«Жизнь и мнения Тристрама Шенди, джентльмена», Лоренс Стерн. Где слово «джентльмен», на мой взгляд, – решающее.
А для забывчивых: Тристрам Шенди – герой многотомной эпопеи Лоренса Стерна, первые тома которой увидели свет в 1759 году. Эпопеи, к слову сказать, незаконченной, что достаточно симптоматично, поскольку есть книги по определению не допускающие финала. В них есть увертюра, за нею – крещендо, а коду допишет пускай сама жизнь.
Но причем здесь Павел Тюрин? – возникает вопрос. – Тем более, с «писающим британцем»? Или этого, поленившегося отыскать туалет путешественника, я хочу произвести в джентльмены? – Ни в коем случае. Задачу я вижу в другом. – Да и Лоренс Стерн, – спросит кто-то, – XVIII век!? А мы живем как будто бы в XXI-ом!? Или, может быть, тут возрождение жанра? – Но тогда нестыковки еще с географией. Лоренс Стерн – основоположник сентиментализма (во всяком случае, принято так считать), – явление больше Западное, нежели порожденное русскоязычной средой. Предвижу, как меня тут поправят: а Н. М. Карамзин, а И. Свечинский, а Г. Каменев? Даже В. А. Жуковский отдал дань сентиментализму. И все-таки на Руси мировоззрение это (а жанр – всегда мировоззрение) не очень родное, скорее привитое через переводы из И. В. Гёте и С. Ричардсона. Да и во временно?м плане недолгое.

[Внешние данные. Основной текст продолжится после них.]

(* If $\beta:[r]\to[2n]$ is qubit-injective, then $T_{TCR}(\beta)$ is transitive and closed under reversal. If moreover $\beta':[s]\to[2n]$ ($s>r$) is qubit-injective and agrees with $\beta$ on $[r]$, then $T_{TCR}(\beta)\subseteq T_{TCR}(\beta')$.
   Context: $[N]=\{1,\dots,N\}$. $Q_n(i)=\min(i,2n+1-i)$ for $i\in[2n]$; $\beta:[r]\to[2n]$ is qubit-injective if $Q_n\circ\beta:[r]\to[n]$ is injective. $T_M(\beta)=\{(i,j): i\in\mathrm{Im}(\beta),\ j\in[2n],\ j<i,\ Q_n(j)\notin\{Q_n(\beta(1)),\dots,Q_n(\beta(\beta^{-1}(i)-1))\}\}$; $T_{MR}(\beta)=\{(i,j):(2n+1-j,2n+1-i)\in T_M(\beta)\}$; $T_{TCR}(\beta)=T_M(\beta)\cup T_{MR}(\beta)$. A set $T$ of pairs is transitive if $(i,j),(j,k)\in T\Rightarrow(i,k)\in T$, and closed under reversal if $(i,j)\in T\iff(2n+1-j,2n+1-i)\in T$. *)

theory Defs
  imports Main
begin

definition Q :: "nat \<Rightarrow> nat \<Rightarrow> nat" where
  "Q n i = min i (2*n + 1 - i)"

text \<open>beta : [r] -> [2n], represented as a function on nat restricted to {1..r}.\<close>
definition maps_into :: "nat \<Rightarrow> nat \<Rightarrow> (nat \<Rightarrow> nat) \<Rightarrow> bool" where
  "maps_into n r \<beta> \<longleftrightarrow> (\<forall>k\<in>{1..r}. \<beta> k \<in> {1..2*n})"

definition qubit_injective :: "nat \<Rightarrow> nat \<Rightarrow> (nat \<Rightarrow> nat) \<Rightarrow> bool" where
  "qubit_injective n r \<beta> \<longleftrightarrow> maps_into n r \<beta> \<and> inj_on (Q n \<circ> \<beta>) {1..r}"

definition T_M :: "nat \<Rightarrow> nat \<Rightarrow> (nat \<Rightarrow> nat) \<Rightarrow> (nat \<times> nat) set" where
  "T_M n r \<beta> = {(i, j). \<exists>m\<in>{1..r}. i = \<beta> m \<and> j \<in> {1..2*n} \<and> j < i \<and>
      Q n j \<notin> (Q n \<circ> \<beta>) ` {1..<m}}"

definition T_MR :: "nat \<Rightarrow> nat \<Rightarrow> (nat \<Rightarrow> nat) \<Rightarrow> (nat \<times> nat) set" where
  "T_MR n r \<beta> = {(i, j). (2*n + 1 - j, 2*n + 1 - i) \<in> T_M n r \<beta>}"

definition T_TCR :: "nat \<Rightarrow> nat \<Rightarrow> (nat \<Rightarrow> nat) \<Rightarrow> (nat \<times> nat) set" where
  "T_TCR n r \<beta> = T_M n r \<beta> \<union> T_MR n r \<beta>"

definition closed_under_reversal :: "nat \<Rightarrow> (nat \<times> nat) set \<Rightarrow> bool" where
  "closed_under_reversal n T \<longleftrightarrow> (\<forall>i j. (i, j) \<in> T \<longleftrightarrow> (2*n + 1 - j, 2*n + 1 - i) \<in> T)"

end

theory Submission
  imports Defs
begin

(* Write i' = 2n+1-i.  Mirroring preserves Q n and has no fixed point, and T_MR is the
   mirror image of T_M, which gives closure under reversal.  T_M is transitive because the
   freshness condition on the qubit of j gets stronger as the position m of i = beta m grows,
   and T_MR inherits this by mirroring.  A chain (i,j) in T_MR, (j,k) in T_M cannot occur:
   j and j' would both be values of beta with the same qubit, forcing j = j'.  For a chain
   (beta m, j) in T_M, (j,k) in T_MR, i.e. (k',j') in T_M with k' = beta m', qubit-injectivity
   puts (i,k) in T_M if m <= m' and in T_MR if m' < m.  Extending beta only adds pairs,
   since freshness refers to earlier positions only. *)

abbreviation mirror :: "nat \<Rightarrow> nat \<Rightarrow> nat" where
  "mirror n i \<equiv> 2*n + 1 - i"

lemma mirror_neq: "mirror n i \<noteq> i"
  by presburger

lemma Q_mirror: "Q n (mirror n i) = Q n i"
  unfolding Q_def by auto

lemma mem_T_M:
  "(i, j) \<in> T_M n r \<beta> \<longleftrightarrow> (\<exists>m\<in>{1..r}. i = \<beta> m \<and> j \<in> {1..2*n} \<and> j < i \<and>
      Q n j \<notin> (Q n \<circ> \<beta>) ` {1..<m})"
  unfolding T_M_def by simp

lemma T_MR_eq_converse_inv_image: "T_MR n r \<beta> = (inv_image (T_M n r \<beta>) (mirror n))\<inverse>"
  unfolding T_MR_def inv_image_def by auto

lemma mem_T_MR: "(i, j) \<in> T_MR n r \<beta> \<longleftrightarrow> (mirror n j, mirror n i) \<in> T_M n r \<beta>"
  unfolding T_MR_def by simp

lemma T_M_subset: "maps_into n r \<beta> \<Longrightarrow> T_M n r \<beta> \<subseteq> {1..2*n} \<times> {1..2*n}"
  unfolding maps_into_def T_M_def by auto

lemma qubit_injective_Q_eqD:
  assumes "qubit_injective n r \<beta>" "a \<in> {1..r}" "b \<in> {1..r}" "Q n (\<beta> a) = Q n (\<beta> b)"
  shows "a = b"
  using assms inj_onD[of "Q n \<circ> \<beta>" "{1..r}" a b] unfolding qubit_injective_def by auto

lemma qubit_injective_later_not_earlier:
  assumes "qubit_injective n r \<beta>" "b \<in> {1..r}" "a \<le> b"
  shows "Q n (\<beta> b) \<notin> (Q n \<circ> \<beta>) ` {1..<a}"
proof
  assume "Q n (\<beta> b) \<in> (Q n \<circ> \<beta>) ` {1..<a}"
  then obtain l where "l \<in> {1..<a}" "Q n (\<beta> b) = Q n (\<beta> l)"
    by auto
  with assms show False
    using qubit_injective_Q_eqD[of n r \<beta> l b] by auto
qed

lemma trans_T_M: "trans (T_M n r \<beta>)"
proof (rule transI)
  fix i j k
  assume "(i, j) \<in> T_M n r \<beta>" "(j, k) \<in> T_M n r \<beta>"
  then obtain m m' where
    m: "m \<in> {1..r}" "i = \<beta> m" "j < i" "Q n j \<notin> (Q n \<circ> \<beta>) ` {1..<m}" and
    m': "m' \<in> {1..r}" "j = \<beta> m'" "k \<in> {1..2*n}" "k < j" "Q n k \<notin> (Q n \<circ> \<beta>) ` {1..<m'}"
    unfolding mem_T_M by blast
  have "m' \<notin> {1..<m}"
    using m(4) m'(2) by auto
  moreover have "m' \<noteq> m"
    using m(2,3) m'(2) by auto
  ultimately have "{1..<m} \<subseteq> {1..<m'}"
    using m'(1) by auto
  with m m' show "(i, k) \<in> T_M n r \<beta>"
    unfolding mem_T_M by (intro bexI[of _ m]) auto
qed

lemma trans_T_MR: "trans (T_MR n r \<beta>)"
  unfolding T_MR_eq_converse_inv_image by (simp add: trans_inv_image trans_T_M)

lemma T_MR_then_T_M_impossible:
  assumes "qubit_injective n r \<beta>" "(i, j) \<in> T_MR n r \<beta>"
  shows "(j, k) \<notin> T_M n r \<beta>"
proof
  assume "(j, k) \<in> T_M n r \<beta>"
  then obtain m' where m': "m' \<in> {1..r}" "j = \<beta> m'"
    unfolding mem_T_M by blast
  obtain m where m: "m \<in> {1..r}" "mirror n j = \<beta> m"
    using assms(2) unfolding mem_T_MR mem_T_M by blast
  have "Q n (\<beta> m) = Q n (\<beta> m')"
    using m(2) m'(2) Q_mirror by metis
  then have "m = m'"
    by (rule qubit_injective_Q_eqD[OF assms(1) m(1) m'(1)])
  then show False
    using m(2) m'(2) mirror_neq by metis
qed

lemma T_M_then_T_MR:
  assumes qi: "qubit_injective n r \<beta>" and "(i, j) \<in> T_M n r \<beta>" "(j, k) \<in> T_MR n r \<beta>"
  shows "(i, k) \<in> T_TCR n r \<beta>"
proof -
  have maps: "maps_into n r \<beta>"
    using qi unfolding qubit_injective_def by blast
  obtain m m' where
    m: "m \<in> {1..r}" "i = \<beta> m" "j \<in> {1..2*n}" "j < i" and
    m': "m' \<in> {1..r}" "mirror n k = \<beta> m'" "mirror n j < mirror n k"
    using assms(2,3) unfolding mem_T_MR mem_T_M by blast
  have "i \<in> {1..2*n}" "mirror n k \<in> {1..2*n}"
    using maps m(1,2) m'(1,2) unfolding maps_into_def by auto
  then have range: "i \<in> {1..2*n}" "k \<in> {1..2*n}" "k < i"
    using m(3,4) m'(3) by auto
  show ?thesis
  proof (cases "m \<le> m'")
    case True
    have "Q n k \<notin> (Q n \<circ> \<beta>) ` {1..<m}"
      using qubit_injective_later_not_earlier[OF qi m'(1) True] m'(2) Q_mirror by metis
    with m range have "(i, k) \<in> T_M n r \<beta>"
      unfolding mem_T_M by blast
    then show ?thesis
      unfolding T_TCR_def by blast
  next
    case False
    have "Q n (mirror n i) \<notin> (Q n \<circ> \<beta>) ` {1..<m'}"
      using qubit_injective_later_not_earlier[OF qi m(1), of m'] False m(2) Q_mirror by auto
    with m' range have "(mirror n k, mirror n i) \<in> T_M n r \<beta>"
      unfolding mem_T_M by (intro bexI[of _ m']) auto
    then show ?thesis
      by (simp add: T_TCR_def mem_T_MR)
  qed
qed

lemma trans_T_TCR:
  assumes "qubit_injective n r \<beta>"
  shows "trans (T_TCR n r \<beta>)"
proof (rule transI)
  fix i j k
  assume "(i, j) \<in> T_TCR n r \<beta>" "(j, k) \<in> T_TCR n r \<beta>"
  then consider
      "(i, j) \<in> T_M n r \<beta>" "(j, k) \<in> T_M n r \<beta>"
    | "(i, j) \<in> T_MR n r \<beta>" "(j, k) \<in> T_MR n r \<beta>"
    | "(i, j) \<in> T_M n r \<beta>" "(j, k) \<in> T_MR n r \<beta>"
    using T_MR_then_T_M_impossible[OF assms, of i j k] unfolding T_TCR_def by blast
  then show "(i, k) \<in> T_TCR n r \<beta>"
  proof cases
    case 1
    then show ?thesis
      using transD[OF trans_T_M 1] unfolding T_TCR_def by blast
  next
    case 2
    then show ?thesis
      using transD[OF trans_T_MR 2] unfolding T_TCR_def by blast
  next
    case 3
    then show ?thesis
      by (rule T_M_then_T_MR[OF assms])
  qed
qed

lemma closed_under_reversal_Un_mirror:
  assumes "T \<subseteq> {1..2*n} \<times> {1..2*n}"
  shows "closed_under_reversal n (T \<union> {(i, j). (mirror n j, mirror n i) \<in> T})"
  unfolding closed_under_reversal_def
proof (intro allI)
  fix i j
  show "(i, j) \<in> T \<union> {(i, j). (mirror n j, mirror n i) \<in> T} \<longleftrightarrow>
    (mirror n j, mirror n i) \<in> T \<union> {(i, j). (mirror n j, mirror n i) \<in> T}"
  proof (cases "i \<le> 2*n + 1 \<and> j \<le> 2*n + 1")
    case True
    then show ?thesis
      by simp blast
  next
    case False
    then show ?thesis
      using assms by auto
  qed
qed

lemma closed_under_reversal_T_TCR:
  "maps_into n r \<beta> \<Longrightarrow> closed_under_reversal n (T_TCR n r \<beta>)"
  unfolding T_TCR_def T_MR_def by (rule closed_under_reversal_Un_mirror[OF T_M_subset])

lemma T_M_mono:
  assumes "r \<le> s" "\<forall>k\<in>{1..r}. \<beta>' k = \<beta> k"
  shows "T_M n r \<beta> \<subseteq> T_M n s \<beta>'"
proof
  fix x
  assume "x \<in> T_M n r \<beta>"
  then obtain i j m where x: "x = (i, j)" and
    m: "m \<in> {1..r}" "i = \<beta> m" "j \<in> {1..2*n}" "j < i" "Q n j \<notin> (Q n \<circ> \<beta>) ` {1..<m}"
    unfolding T_M_def by blast
  have "(Q n \<circ> \<beta>') ` {1..<m} = (Q n \<circ> \<beta>) ` {1..<m}"
    using assms(2) m(1) by (intro image_cong) auto
  with assms m show "x \<in> T_M n s \<beta>'"
    unfolding x mem_T_M by (intro bexI[of _ m]) auto
qed

lemma T_TCR_mono:
  "r \<le> s \<Longrightarrow> \<forall>k\<in>{1..r}. \<beta>' k = \<beta> k \<Longrightarrow> T_TCR n r \<beta> \<subseteq> T_TCR n s \<beta>'"
  using T_M_mono[of r s \<beta>' \<beta> n] unfolding T_TCR_def T_MR_def by auto

theorem lemma7:
  fixes n r :: nat and \<beta> :: "nat \<Rightarrow> nat"
  assumes "qubit_injective n r \<beta>"
  shows "trans (T_TCR n r \<beta>) \<and> closed_under_reversal n (T_TCR n r \<beta>) \<and>
    (\<forall>s \<beta>'. s > r \<and> qubit_injective n s \<beta>' \<and> (\<forall>k\<in>{1..r}. \<beta>' k = \<beta> k)
       \<longrightarrow> T_TCR n r \<beta> \<subseteq> T_TCR n s \<beta>')"
proof (intro conjI allI impI)
  show "trans (T_TCR n r \<beta>)"
    using assms by (rule trans_T_TCR)
  show "closed_under_reversal n (T_TCR n r \<beta>)"
    using assms unfolding qubit_injective_def by (blast intro: closed_under_reversal_T_TCR)
  fix s \<beta>'
  assume "r < s \<and> qubit_injective n s \<beta>' \<and> (\<forall>k\<in>{1..r}. \<beta>' k = \<beta> k)"
  then show "T_TCR n r \<beta> \<subseteq> T_TCR n s \<beta>'"
    by (intro T_TCR_mono) auto
qed

end
definition pareto_dominated_by :: "('i \<Rightarrow> ('s option \<times> 's option) set) \<Rightarrow> ('i \<Rightarrow> 's option) \<Rightarrow> ('i \<Rightarrow> 's option) \<Rightarrow> bool" where
  "pareto_dominated_by P \<mu> \<mu>' \<longleftrightarrow> (\<forall>i. weak_pref P i (\<mu>' i) (\<mu> i)) \<and> (\<exists>i. (\<mu>' i, \<mu> i) \<in> P i)"

end

theory Submission imports Defs begin

text \<open>For each school s, collect the pairs (x, v) such that some matching of the chain seats x
  at s while v strictly prefers s to her own seat there; every extension of the priorities must
  rank x above v. Along a Pareto chain an agent who envies s in a later matching already envied
  it in every earlier one, and an agent seated at s never envies s later. Together with fairness
  of each matching this makes the envy pairs compose with each other through the priorities, so
  the union of priorities and envy pairs is acyclic; any linear extension of it (Szpilrajn) keeps
  every matching of the chain fair.\<close>

lemma trans_rel_iff_trans: "trans_rel R \<longleftrightarrow> trans R"
  unfolding trans_rel_def trans_def by blast

lemma finite_partial_order_extends_to_total_order:
  fixes R :: "('a \<times> 'a) set"
  assumes "finite (UNIV :: 'a set)" and "partial_order_rel R"
  shows "\<exists>T. total_order_rel T \<and> R \<subseteq> T"
proof -
  let ?A = "{T :: ('a \<times> 'a) set. partial_order_rel T}"
  have "finite (UNIV :: ('a \<times> 'a) set set)"
    using assms(1) by (simp add: finite_prod Finite_Set.finite_set)
  then have "finite ?A" by (metis finite_subset subset_UNIV)
  moreover have "R \<in> ?A" using assms(2) by simp
  ultimately obtain T where "T \<in> ?A" "R \<subseteq> T" and maximal: "\<forall>T'\<in>?A. T \<subseteq> T' \<longrightarrow> T = T'"
    by (metis finite_has_maximal2)
  then have asym: "asym_rel T" and tr: "trans_rel T"
    by (simp_all add: partial_order_rel_def)
  have complete: "complete_rel T"
    unfolding complete_rel_def
  proof (intro allI impI, rule ccontr)
    fix x y assume "x \<noteq> y" and incomparable: "\<not> ((x, y) \<in> T \<or> (y, x) \<in> T)"
    \<comment> \<open>Adding x below y together with everything forced by transitivity stays a partial order.\<close>
    define T' where "T' = T \<union> {(a,b). (a = x \<or> (a,x) \<in> T) \<and> (y = b \<or> (y,b) \<in> T)}"
    have "partial_order_rel T'"
      using asym tr incomparable \<open>x \<noteq> y\<close>
      unfolding partial_order_rel_def asym_rel_def trans_rel_def T'_def by blast
    moreover have "T \<subseteq> T'" unfolding T'_def by blast
    ultimately have "T = T'" using maximal by blast
    moreover have "(x,y) \<in> T'" unfolding T'_def by auto
    ultimately show False using incomparable by simp
  qed
  then have "neg_trans_rel T"
    using asym tr unfolding asym_rel_def trans_rel_def complete_rel_def neg_trans_rel_def by metis
  then show ?thesis using asym tr complete \<open>R \<subseteq> T\<close>
    unfolding total_order_rel_def weak_order_rel_def partial_order_rel_def by blast
qed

Взошла звезда А. С. Пушкина и сентиментализм из словесности русской ушел. Кто будет восторгаться «Бедной Лизой», держа в руках «Евгения Онегина»? А на Западе сентиментализм продержался и долго – почти весь XVIII век, прихватив и часть XIX-го.
И все-таки, – скажут мне, – давно все это было. Жанр умер и на смену ему пришли другие. А тут вдруг, под пером Павла Тюрина, возродился?! Но так не бывает, жанры не возрождаются – они трансформируются, становясь атрибутами новой эпохи, и тогда называть бы их лучше иначе. Но на название посягать я не стану. На мой взгляд, рановато. Вот если автор «Легенды о писающем джентльмене» напишет что-то еще в том же духе, или у него появятся продолжатели, чего доброго, сложится школа – тогда другой разговор. А пока этого не случилось, оставим-ка лучше как есть, без названия. И разберемся с географией, что окажется проще, чем с жанром. Потому что география в том, старом, смысле, когда из Москвы в Петербург надо было добираться неделями, а из Лондона в Ригу еще того дольше, давно канула в Лету… Чтобы вынырнуть из нее «большою деревней».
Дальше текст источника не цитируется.